TASK BRIEF
Give back every record exactly as written.

──────── TASK INPUTS

(* Let $X$ be a uniformly joinable, chain connected Hausdorff uniform space and let $f\colon X\to Y$ generate the uniform structure of the (Hausdorff) uniform space $Y$. The following are equivalent: (a) $f$ is a generalized uniform covering map; (b) $f$ satisfies conditions GP1 and GP2; (c) $\widetilde f\colon GP(X,x_0)\to GP(Y,f(x_0))$ is a uniform equivalence for some $x_0\in X$.
   Context: $f(E)=\{(f(x),f(y)):(x,y)\in E\}$; a surjection $f$ generates the uniform structure of its range if the sets $f(E)$ form a base of it. $R(X,E)$ is the Rips complex (vertex set $X$, simplices the finite $F$ with $F\times F\subset E$); $e(x,y)$ the edge-path; $E$-chains $x_0,\dots,x_n$ ($(x_i,x_{i+1})\in E$) are regarded as edge-paths in $R(X,E)$. $X$ is chain connected if for each $E$ any two points are joined by an $E$-chain. Paths $c,d$ in $R(X,E)$ with end-points in $X$ are $E$-homotopic if their initial points $x_c,x_d$ and terminal points $y_c,y_d$ satisfy $(x_c,x_d),(y_c,y_d)\in E$ and $c\simeq e(x_c,x_d)\ast d\ast e(y_d,y_c)$ rel. end-points in $R(X,E)$. A generalized path from $x$ to $y$ is a family $\{[c_E]\}_E$ of homotopy classes rel. end-points of paths from $x$ to $y$ in $R(X,E)$ with $c_F\simeq c_E$ in $R(X,E)$ for $F\subset E$; it is $F$-short if $(x,y)\in F$ and $c_F\simeq e(x,y)$ in $R(X,F)$; generalized paths $c,d$ are $F$-homotopic if $c_F$ is $F$-homotopic to $d_F$. $GP(X,x_0)$: generalized paths from $x_0$ with uniform base $F^\ast=\{(c,d): c,d\ F\text{-homotopic}\}$. $\widetilde f(c)_F=[f_E(c_E)]$, $E=f^{-1}(F)$. $X$ is uniformly joinable if for each $E$ there is $F$ with any $(x,y)\in F$ joined by an $E$-short generalized path. A generalized uniform covering map is an $f$ generating the uniform structure of $Y$ with: GP1: for every $x_0$ every generalized path in $Y$ from $f(x_0)$ is $\widetilde f(d)$ for a generalized path $d$ from $x_0$; GP2: for every entourage $E$ of $X$ there is $F$ such that generalized paths $\alpha,\beta$ in $X$ with common origin are $E$-homotopic if $\widetilde f(\alpha),\widetilde f(\beta)$ are $f(F)$-homotopic; C1: for every $E$ there is $F$ such that every $f(F)$-chain starting at $f(x_0)$ lifts to an $E$-chain starting at $x_0$; C2: for every $E$ there is $F$ such that $F$-chains $\alpha,\beta$ with common origin are $E$-homotopic if $f(\alpha),f(\beta)$ are $f(F)$-homotopic. *)

theory Defs
  imports Main
begin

────────────────

OUTPUT BELOW
(* Let $X$ be a uniformly joinable, chain connected Hausdorff uniform space and let $f\colon X\to Y$ generate the uniform structure of the (Hausdorff) uniform space $Y$. The following are equivalent: (a) $f$ is a generalized uniform covering map; (b) $f$ satisfies conditions GP1 and GP2; (c) $\widetilde f\colon GP(X,x_0)\to GP(Y,f(x_0))$ is a uniform equivalence for some $x_0\in X$.
   Context: $f(E)=\{(f(x),f(y)):(x,y)\in E\}$; a surjection $f$ generates the uniform structure of its range if the sets $f(E)$ form a base of it. $R(X,E)$ is the Rips complex (vertex set $X$, simplices the finite $F$ with $F\times F\subset E$); $e(x,y)$ the edge-path; $E$-chains $x_0,\dots,x_n$ ($(x_i,x_{i+1})\in E$) are regarded as edge-paths in $R(X,E)$. $X$ is chain connected if for each $E$ any two points are joined by an $E$-chain. Paths $c,d$ in $R(X,E)$ with end-points in $X$ are $E$-homotopic if their initial points $x_c,x_d$ and terminal points $y_c,y_d$ satisfy $(x_c,x_d),(y_c,y_d)\in E$ and $c\simeq e(x_c,x_d)\ast d\ast e(y_d,y_c)$ rel. end-points in $R(X,E)$. A generalized path from $x$ to $y$ is a family $\{[c_E]\}_E$ of homotopy classes rel. end-points of paths from $x$ to $y$ in $R(X,E)$ with $c_F\simeq c_E$ in $R(X,E)$ for $F\subset E$; it is $F$-short if $(x,y)\in F$ and $c_F\simeq e(x,y)$ in $R(X,F)$; generalized paths $c,d$ are $F$-homotopic if $c_F$ is $F$-homotopic to $d_F$. $GP(X,x_0)$: generalized paths from $x_0$ with uniform base $F^\ast=\{(c,d): c,d\ F\text{-homotopic}\}$. $\widetilde f(c)_F=[f_E(c_E)]$, $E=f^{-1}(F)$. $X$ is uniformly joinable if for each $E$ there is $F$ with any $(x,y)\in F$ joined by an $E$-short generalized path. A generalized uniform covering map is an $f$ generating the uniform structure of $Y$ with: GP1: for every $x_0$ every generalized path in $Y$ from $f(x_0)$ is $\widetilde f(d)$ for a generalized path $d$ from $x_0$; GP2: for every entourage $E$ of $X$ there is $F$ such that generalized paths $\alpha,\beta$ in $X$ with common origin are $E$-homotopic if $\widetilde f(\alpha),\widetilde f(\beta)$ are $f(F)$-homotopic; C1: for every $E$ there is $F$ such that every $f(F)$-chain starting at $f(x_0)$ lifts to an $E$-chain starting at $x_0$; C2: for every $E$ there is $F$ such that $F$-chains $\alpha,\beta$ with common origin are $E$-homotopic if $f(\alpha),f(\beta)$ are $f(F)$-homotopic. *)

theory Defs
  imports Main
begin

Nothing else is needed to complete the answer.